Maybe that weird Roman numeral V shaped devkit had heat issues? [emoji16]
Better tools and API, for example. Compare Vulkan and DX9/10, for example.
You create sw api that is hw agnostic. Data in, data out. Preferably data out to ram in specific address like sony does. The API can be implemented in cpu/gpu/ssd. Implementing it in ssd is not great idea ever due to the pcie bus and the limited nature of those busses on regular cpu's. You want to have the implementation in cpu/gpu or in amd case in io-controller to save pcie lanes for better use.
Yep, I understand that. But if we're talking about an uncompressed data stream rather than a compressed one (as I can't see how PC's can work with a compressed one without dedicated decompression hardware which they won't get any time soon outside of the GPU), then the steps you describe above are the same for either a PC or the PS5 with the exception of the additional step of data going over the PCIe 16x bus to the GPU.
So yes that's an extra step not required by consoles which will add latency, but from a bandwidth perspective it's not a concern as that interface is 4x wider than the one between the SSD and the APU/CPU in either the PS5 or the PC.
I'd be curious to know how much extra compression the consoles custom formats gain you over those formats already in use natively by GPU's today. Is 5GB/s on a modern PC driver already the equivalent of something higher using those formats?
Something is bothering me in all this talk about compression and effective bandwidths.
Aren’t textures already compressed data?
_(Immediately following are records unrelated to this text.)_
lemma sin_squared_mult_fejer_sum:
  "(sin a)^2 * (real (Suc n) + 2 * (\<Sum>h=1..n. (real (Suc n) - real h) * cos (2 * real h * a)))
     = (sin (real (Suc n) * a))^2"
proof (induction n)
  case 0 then show ?case by simp
next
  case (Suc n)
  have "(\<Sum>h=1..Suc n. (real (Suc (Suc n)) - real h) * cos (2 * real h * a)) =
     (\<Sum>h=1..n. (real (Suc n) - real h) * cos (2 * real h * a))
         + (\<Sum>h=1..Suc n. cos (2 * real h * a))"
    by (simp add: sum.distrib[symmetric] algebra_simps)
  then have "(sin a)^2 * (real (Suc (Suc n))
      + 2 * (\<Sum>h=1..Suc n. (real (Suc (Suc n)) - real h) * cos (2 * real h * a)))
     = (sin a)^2 * (real (Suc n) + 2 * (\<Sum>h=1..n. (real (Suc n) - real h) * cos (2 * real h * a)))
       + sin a * (sin a * (1 + 2 * (\<Sum>h=1..Suc n. cos (2 * real h * a))))"
    by (simp add: algebra_simps power2_eq_square)
  also have "\<dots> = (sin (real (Suc n) * a))^2 + sin a * sin ((2 * real (Suc n) + 1) * a)"
    using Suc sin_mult_dirichlet_kernel[of a "Suc n"] by simp
  also have "\<dots> = (sin (real (Suc (Suc n)) * a))^2"
    using sin_squared_diff[of "real (Suc (Suc n)) * a" "real (Suc n) * a"]
    by (simp add: algebra_simps)
  finally show ?case .
qed

lemma fejer_closed_form:
  "(sin (pi * t))^2 * fejer N t = (sin (pi * real (Suc N) * t))^2 / real (Suc N)"
proof -
  define L where "L = real (Suc N)"
  have L0: "L > 0" unfolding L_def by simp
  have "(L + 2 * (\<Sum>h=1..N. (L - real h) * cos (2 * real h * (pi * t)))) / L
      = 1 + 2 * (\<Sum>h=1..N. (L - real h) * cos (2 * real h * (pi * t)) / L)"
    using L0 by (simp add: add_divide_distrib sum_divide_distrib[symmetric])
  also have "\<dots> = fejer N t"
    unfolding fejer_def L_def[symmetric] using L0 by (simp add: field_simps mult_ac)
  finally have "(sin (pi * t))^2 * fejer N t
      = (sin (pi * t))^2 * ((L + 2 * (\<Sum>h=1..N. (L - real h) * cos (2 * real h * (pi * t)))) / L)"
    by simp
  also have "\<dots> = (sin (L * (pi * t)))^2 / L"
      unfolding L_def by (simp only: times_divide_eq_right sin_squared_mult_fejer_sum)
  finally show ?thesis unfolding L_def by (simp add: algebra_simps)
qed

lemma sin_mult_sum_sin_double:
  "sin a * (\<Sum>h=1..n. sin (2 * real h * a)) = sin (real n * a) * sin (real (Suc n) * a)"
proof (induction n)
  case 0 then show ?case by simp
next
  case (Suc n)
  define b where "b = real (Suc n) * a"
  have "sin a * (\<Sum>h=1..Suc n. sin (2 * real h * a))
      = sin (real n * a) * sin b + sin a * sin (2 * b)"
    using Suc by (simp add: algebra_simps b_def)
  also have "real n * a = b - a" by (simp add: b_def algebra_simps)
  also have "sin (b - a) * sin b + sin a * sin (2 * b) = sin b * sin (b + a)"
    unfolding sin_double sin_add sin_diff by (simp add: algebra_simps)
  also have "b + a = real (Suc (Suc n)) * a" by (simp add: b_def algebra_simps)
  finally show ?case by (simp add: b_def)
qed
We aren’t transferring plain text files, but structures that are already stored in compressed formats - so how much can we realistically expect an additional general compression scheme to yield? It’s related to the question above - I feel confused about what people are really saying, bandwidth wise.
Having to read data from SSD into RAM (over the south bridge) then write some of it over the PCI bus to the GPU (over the Northbridge) is a big bottleneck.
Consoles have few performance performance advantages over a modern PC but unified memory solves the issue about having to move data so it's in the write place. If you need data accessibly to both CPU and GPU, a PC is the worst case scenario.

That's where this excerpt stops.